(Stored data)
+++++
lemma iterate_bounded:
  assumes meas: "(\<lambda>t. f (Some t)) \<in> borel_measurable borel" and bnd: "\<And>t. \<bar>f (Some t)\<bar> \<le> M"
  shows "\<exists>M'. \<forall>\<kappa> E t. \<bar>(T_op nu sig \<kappa> E s ^^ m) f (Some t)\<bar> \<le> M'"
proof (induction m)
  case 0 show ?case using bnd by auto
next
  case (Suc m)
  then obtain M' where "\<And>\<kappa> E t. \<bar>(T_op nu sig \<kappa> E s ^^ m) f (Some t)\<bar> \<le> M'" by blast
  hence "\<And>\<kappa> E t. \<bar>(T_op nu sig \<kappa> E s ^^ Suc m) f (Some t)\<bar> \<le> 4 * M' * (sing_mass 1 + 1)"
    using T_op_bounded[OF iterate_measurable[OF meas]] by simp
  thus ?case by blast
qed

lemma iterate_equicontinuous:
  assumes meas: "(\<lambda>t. f (Some t)) \<in> borel_measurable borel" and bnd: "\<And>t. \<bar>f (Some t)\<bar> \<le> M"
    and ucont: "uniformly_continuous_on UNIV (\<lambda>t. f (Some t))"
  shows "uniformly_equicontinuous (\<lambda>E t. (T_op nu sig 0 E s ^^ m) f (Some t))"
proof (induction m)
  case 0 show ?case using uniformly_continuous_imp_equicontinuous[OF ucont] by simp
next
  case (Suc m)
  obtain M' where "\<And>\<kappa> E t. \<bar>(T_op nu sig \<kappa> E s ^^ m) f (Some t)\<bar> \<le> M'"
    using iterate_bounded[OF meas bnd] by blast
  from T0_equicontinuous[OF iterate_measurable[OF meas] this Suc.IH] show ?case by simp
qed

lemma iterate_convergence:
  assumes meas: "(\<lambda>t. f (Some t)) \<in> borel_measurable borel" and bnd: "\<And>t. \<bar>f (Some t)\<bar> \<le> M"
    and ucont: "uniformly_continuous_on UNIV (\<lambda>t. f (Some t))"
    and e: "0 < \<epsilon>"
  shows "\<forall>\<^sub>F \<kappa> in at_right 0. \<forall>E x.
    \<bar>(T_op nu sig \<kappa> E s ^^ m) f (Some x) - (T_op nu sig 0 E s ^^ m) f (Some x)\<bar> \<le> \<epsilon>"
  using e
proof (induction m arbitrary: \<epsilon>)
  case 0 thus ?case by simp
next
  case (Suc m)
  obtain M' where "\<And>\<kappa> E t. \<bar>(T_op nu sig \<kappa> E s ^^ m) f (Some t)\<bar> \<le> M'"
    using iterate_bounded[OF meas bnd] by blast
  from T_step_convergence[OF iterate_measurable[OF meas] this
      iterate_equicontinuous[OF meas bnd ucont] Suc.IH Suc.prems]
  show ?case by simp
qed

end

lemma T_op_iterate_None: "(T_op nu sig \<kappa> E s ^^ m) f None = (T_op nu sig 0 E s ^^ m) f None"
  by (cases m) (simp_all add: T_op_def)

lemma tendsto_at_infinity_tail:
  fixes F :: "real \<Rightarrow> 'a::metric_space"
  assumes "(F \<longlongrightarrow> L) at_infinity" "0 < e"
  obtains R where "\<And>x. R \<le> \<bar>x\<bar> \<Longrightarrow> dist (F x) L < e"
  using tendstoD[OF assms] unfolding eventually_at_infinity by auto

lemma continuous_limit_at_infinity_bounded:
  fixes F :: "real \<Rightarrow> 'a::real_normed_vector"
  assumes cont: "continuous_on UNIV F" and lim: "(F \<longlongrightarrow> L) at_infinity"
  shows "bounded (range F)"
proof -
  obtain R where R: "\<And>x. R \<le> \<bar>x\<bar> \<Longrightarrow> dist (F x) L < 1"
    using tendsto_at_infinity_tail[OF lim zero_less_one] by blast
  have "bounded (F ` {-\<bar>R\<bar>..\<bar>R\<bar>})"
    by (intro compact_imp_bounded compact_continuous_image continuous_on_subset[OF cont]) auto
  moreover have "bounded (F ` {x. R \<le> \<bar>x\<bar>})"
    using R by (intro bounded_subset[OF bounded_ball[of L 1]]) (auto simp: dist_commute)
  moreover have "UNIV = {-\<bar>R\<bar>..\<bar>R\<bar>} \<union> {x. R \<le> \<bar>x\<bar>}" by auto
  hence "range F = F ` {-\<bar>R\<bar>..\<bar>R\<bar>} \<union> F ` {x. R \<le> \<bar>x\<bar>}" by (metis image_Un)
  ultimately show ?thesis by simp
qed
+++++
## [Problem statement]
Lines with "where": return each one from the data above.

## [Answer box]
  then obtain M' where "\<And>\<kappa> E t. \<bar>(T_op nu sig \<kappa> E s ^^ m) f (Some t)\<bar> \<le> M'" by blast
  obtain M' where "\<And>\<kappa> E t. \<bar>(T_op nu sig \<kappa> E s ^^ m) f (Some t)\<bar> \<le> M'"
  obtain M' where "\<And>\<kappa> E t. \<bar>(T_op nu sig \<kappa> E s ^^ m) f (Some t)\<bar> \<le> M'"
  obtains R where "\<And>x. R \<le> \<bar>x\<bar> \<Longrightarrow> dist (F x) L < e"
  obtain R where R: "\<And>x. R \<le> \<bar>x\<bar> \<Longrightarrow> dist (F x) L < 1"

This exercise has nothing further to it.